In general, serious adverse effects events were no more common with biological therapies than with placebo, at least in the studies they reviewed. They caution, however, that the safety data "may not be particularly robust" given that the trials had relatively small numbers of subjects who were on the medications for a relatively short period of time.
They also remind clinicians that the serious safety concerns with these drugs include opportunistic infection, reactivation of latent tuberculosis, development of hematologic malignancies including hepatosplenic T-cell lymphoma, and in the case of natalizumab, progressive multifocal leukoencephalopathy.
Published simultaneously in the American Journal of Gastroenterology are two related papers on IBD. One is a single-center retrospective cohort study looking at the tolerability of accelerated infliximab infusion times in IBD patients.
In a nutshell, Dr.
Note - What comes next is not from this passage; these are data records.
text \<open>First variation inequality: \<open>d(\<gamma> s, x) \<le> d(m, x) - s cos \<angle>(\<gamma>, \<eta>) + o(s)\<close>, obtained from
  the triangle inequality through \<open>\<eta> (lam s)\<close> with \<open>lam\<close> large.\<close>

lemma first_variation:
  fixes \<gamma> \<eta> :: "real \<Rightarrow> 'a::metric_space"
  assumes cat: "CAT \<kappa> TYPE('a)"
    and g: "geodesic_path l \<gamma>" "0 < l" "\<gamma> 0 = m"
    and h: "geodesic_path d \<eta>" "0 < d" "\<eta> 0 = m" "\<eta> d = x"
    and e: "0 < \<epsilon>"
  shows "\<exists>\<delta>>0. \<forall>s. 0 < s \<and> s < \<delta> \<longrightarrow> dist (\<gamma> s) x - d \<le> (- cos (angle \<gamma> \<eta>) + \<epsilon>) * s"
proof -
  define L where "L = cos (angle \<gamma> \<eta>)"
  have L: "-1 \<le> L" "L \<le> 1"
    "((\<lambda>(s, t). (s^2 + t^2 - (dist (\<gamma> s) (\<eta> t))^2) / (2 * s * t)) \<longlongrightarrow> L)
       (at (0, 0) within ({0<..} \<times> {0<..}))"
    using cos_angle_tendsto[OF cat g h(1,2,3)] unfolding L_def by auto
  define e' where "e' = min \<epsilon> 1"
  have e': "0 < e'" "e' \<le> 1" "e' \<le> \<epsilon>" unfolding e'_def using e by auto
  define lam where "lam = 3 / e' + 2"
  have lam: "2 \<le> lam" "lam * e' = 3 + 2 * e'" unfolding lam_def using e' by (auto simp: field_simps)
  from tendstoD[OF L(3), of "e'/2"] e'
  obtain r where r: "0 < r" and rr: "\<And>s t. 0 < s \<Longrightarrow> 0 < t \<Longrightarrow> dist (s, t) (0, 0) < r \<Longrightarrow>
      \<bar>(s^2 + t^2 - (dist (\<gamma> s) (\<eta> t))^2) / (2 * s * t) - L\<bar> < e'/2"
    unfolding eventually_at dist_real_def by force
  define \<delta> where "\<delta> = min l (min (d / lam) (r / (lam + 1)))"
  have \<delta>0: "0 < \<delta>" unfolding \<delta>_def using g h r lam by auto
  show ?thesis
  proof (intro exI[of _ \<delta>] conjI allI impI \<delta>0)
    fix s :: real assume s: "0 < s \<and> s < \<delta>"
    define t where "t = lam * s"
    have t: "0 < t" "t \<le> d" unfolding t_def using s lam
      by (auto simp: \<delta>_def pos_less_divide_eq mult.commute)
    have "dist (s, t) (0, 0) \<le> s + t"
      using sqrt_add_le_add_sqrt[of "s^2" "t^2"] s t by (simp add: dist_Pair_Pair)
    also have "\<dots> < r"
      using s lam unfolding t_def \<delta>_def by (simp add: pos_less_divide_eq algebra_simps)
    finally have "\<bar>(s^2 + t^2 - (dist (\<gamma> s) (\<eta> t))^2) / (2 * s * t) - L\<bar> < e'/2"
      using rr s t by blast
    then have "L - e'/2 < (s^2 + t^2 - (dist (\<gamma> s) (\<eta> t))^2) / (2 * s * t)" by linarith
    then have a: "dist (\<gamma> s) (\<eta> t) \<le> s * (lam - L + e')"
      unfolding t_def using side_le_of_cos_quotient_gt[OF _ _ L(1,2) e'(1,2) lam] s by simp
    have "dist (\<eta> t) x = d - t" using geodesic_path_dist[OF h(1), of t d] h t by simp
    then have "dist (\<gamma> s) x - d \<le> s * (lam - L + e') - t"
      using a dist_triangle[of "\<gamma> s" x "\<eta> t"] by simp
    also have "\<dots> = (- L + e') * s" unfolding t_def by (simp add: algebra_simps)
    also have "\<dots> \<le> (- L + \<epsilon>) * s" using e' s by (intro mult_right_mono) auto
    finally show "dist (\<gamma> s) x - d \<le> (- cos (angle \<gamma> \<eta>) + \<epsilon>) * s" unfolding L_def .
  qed
qed

definition step_size :: "real \<Rightarrow> nat \<Rightarrow> real" where
  "step_size l n = min l 1 / real (Suc n)"

lemma step_size_bounds: "0 < l \<Longrightarrow> 0 < step_size l n \<and> step_size l n \<le> l \<and> step_size l n \<le> 1"
  unfolding step_size_def
  by (auto simp: divide_simps) (simp_all add: min_le_iff_disj order_trans[of _ "1::real"])

lemma eventually_step_size_less:
  assumes "0 < \<delta>" shows "eventually (\<lambda>n. step_size l n < \<delta>) sequentially"
proof -
  have "(\<lambda>n. min l 1 / real (Suc n)) \<longlonglongrightarrow> 0"
    using lim_const_over_n by (rule LIMSEQ_Suc)
  from order_tendstoD(2)[OF this assms] show ?thesis unfolding step_size_def .
qed

definition dist_sq_quotient :: "(real \<Rightarrow> 'a::metric_space) \<Rightarrow> real \<Rightarrow> 'a \<Rightarrow> 'a \<Rightarrow> nat \<Rightarrow> real" where
  "dist_sq_quotient \<gamma> l m x n =
     ((dist (\<gamma> (step_size l n)) x)^2 - (dist m x)^2) / (2 * step_size l n)"

lemma dist_step_diff_le:
  assumes "geodesic_path l \<gamma>" "\<gamma> 0 = m" "0 < l"
  shows "\<bar>dist (\<gamma> (step_size l n)) x - dist m x\<bar> \<le> step_size l n"
proof -
  have "dist m (\<gamma> (step_size l n)) = step_size l n"
    using geodesic_path_dist[OF assms(1), of 0 "step_size l n"] assms
      step_size_bounds[OF assms(3), of n]
    by simp
  then show ?thesis
    using dist_triangle[of "\<gamma> (step_size l n)" x m] dist_triangle[of m x "\<gamma> (step_size l n)"]
    by (simp add: dist_commute abs_le_iff)
qed

lemma dist_sq_quotient_bounds:
  assumes g: "geodesic_path l \<gamma>" "\<gamma> 0 = m" "0 < l"
  shows "\<bar>dist_sq_quotient \<gamma> l m x n\<bar> \<le> dist m x + 1/2"
proof -
  define s where "s = step_size l n"
  define D where "D = dist (\<gamma> s) x"
  define d where "d = dist m x"
  have s: "0 < s" "s \<le> 1" using step_size_bounds[OF g(3)] unfolding s_def by auto
  have Dd: "\<bar>D - d\<bar> \<le> s" using dist_step_diff_le[OF g] unfolding D_def d_def s_def .
  have "\<bar>D^2 - d^2\<bar> = \<bar>D - d\<bar> * \<bar>D + d\<bar>"
    by (simp add: power2_eq_square algebra_simps flip: abs_mult)
  also have "\<dots> \<le> s * (2 * d + s)" using Dd by (intro mult_mono) (auto simp: D_def d_def abs_le_iff)
  finally have "\<bar>D^2 - d^2\<bar> / (2 * s) \<le> s * (2 * d + s) / (2 * s)"
    using s by (intro divide_right_mono) auto
  also have "\<dots> = d + s/2" using s by (simp add: field_simps)
  finally show ?thesis
    using s unfolding dist_sq_quotient_def s_def[symmetric] D_def[symmetric] d_def[symmetric]
    by (simp add: abs_divide)
qed

lemma eventually_dist_sq_quotient_le:
  fixes \<gamma> \<eta> :: "real \<Rightarrow> 'a::metric_space"
  assumes cat: "CAT \<kappa> TYPE('a)"
    and g: "geodesic_path l \<gamma>" "0 < l" "\<gamma> 0 = m"
    and h: "0 < dist m x \<Longrightarrow> geodesic_seg m x \<eta>"
    and e: "0 < \<epsilon>"
  shows "\<forall>\<^sub>F n in sequentially. dist_sq_quotient \<gamma> l m x n
           \<le> dist m x * (- cos (angle \<gamma> \<eta>) + \<epsilon>) + step_size l n / 2"
proof (cases "dist m x = 0")
  case True
  then have "x = m" by simp
  have "dist (\<gamma> (step_size l n)) m = step_size l n" for n
    using geodesic_path_dist[OF g(1), of "step_size l n" 0] g step_size_bounds[OF g(2), of n]
    by simp
  then show ?thesis using True step_size_bounds[OF g(2)] unfolding dist_sq_quotient_def \<open>x = m\<close>
    by (simp add: power2_eq_square)
next
  case False
  define d where "d = dist m x"
  then have d: "0 < d" using False by simp
  have "geodesic_seg m x \<eta>" using h d unfolding d_def by simp
  then have hh: "geodesic_path d \<eta>" "\<eta> 0 = m" "\<eta> d = x" unfolding geodesic_seg_def d_def by auto
  obtain \<delta> where \<delta>: "0 < \<delta>"
    "\<And>s. 0 < s \<and> s < \<delta> \<Longrightarrow> dist (\<gamma> s) x - d \<le> (- cos (angle \<gamma> \<eta>) + \<epsilon>) * s"
    using first_variation[OF cat g hh(1) d hh(2,3) e] by blast
  show ?thesis using eventually_step_size_less[where l = l, OF \<delta>(1)]
  proof eventually_elim
    case (elim n)
    define s where "s = step_size l n"
    define D where "D = dist (\<gamma> s) x"
    have s: "0 < s" "s < \<delta>" using elim step_size_bounds[OF g(2)] unfolding s_def by auto
    have "\<bar>D - d\<bar> \<le> s" using dist_step_diff_le[OF g(1,3,2)] unfolding D_def d_def s_def .
    then have "(D - d)^2 \<le> s^2" by (simp add: power2_le_iff_abs_le)
    moreover have "2 * d * (D - d) \<le> 2 * d * ((- cos (angle \<gamma> \<eta>) + \<epsilon>) * s)"
      using \<delta>(2)[of s] s d unfolding D_def by (intro mult_left_mono) auto
    ultimately have "D^2 - d^2 \<le> 2 * d * ((- cos (angle \<gamma> \<eta>) + \<epsilon>) * s) + s^2"
      by (simp add: power2_eq_square algebra_simps)
    then have "(D^2 - d^2) / (2 * s) \<le> (2 * d * ((- cos (angle \<gamma> \<eta>) + \<epsilon>) * s) + s^2) / (2 * s)"
      using s by (intro divide_right_mono) auto
    also have "\<dots> = d * (- cos (angle \<gamma> \<eta>) + \<epsilon>) + s / 2"
      using s by (simp add: field_simps power2_eq_square)
    finally show ?case unfolding dist_sq_quotient_def D_def s_def d_def .
  qed
qed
Gert Van Assche of Leuven University Hospitals, Belgium, and colleagues report that in selected patients who can tolerate two-hour infusions of infliximab 5 mg/kg scheduled maintenance therapy, the infusion time can be shortened to one hour with "good tolerability."
The other paper focuses on the loss of response to adalimumab and the need for adalimumab dose intensification in patients with CD.
In a systematic review of 39 studies looking at this specific issue, Dr. Laurent Peyrin-Biroulet from Universite Henri Poincare in Nancy, France, and colleagues found that about one-fifth of patients will lose their response to adalimumab and will need higher doses. Most patients who increase the dose will regain their response to the drug, the researchers say.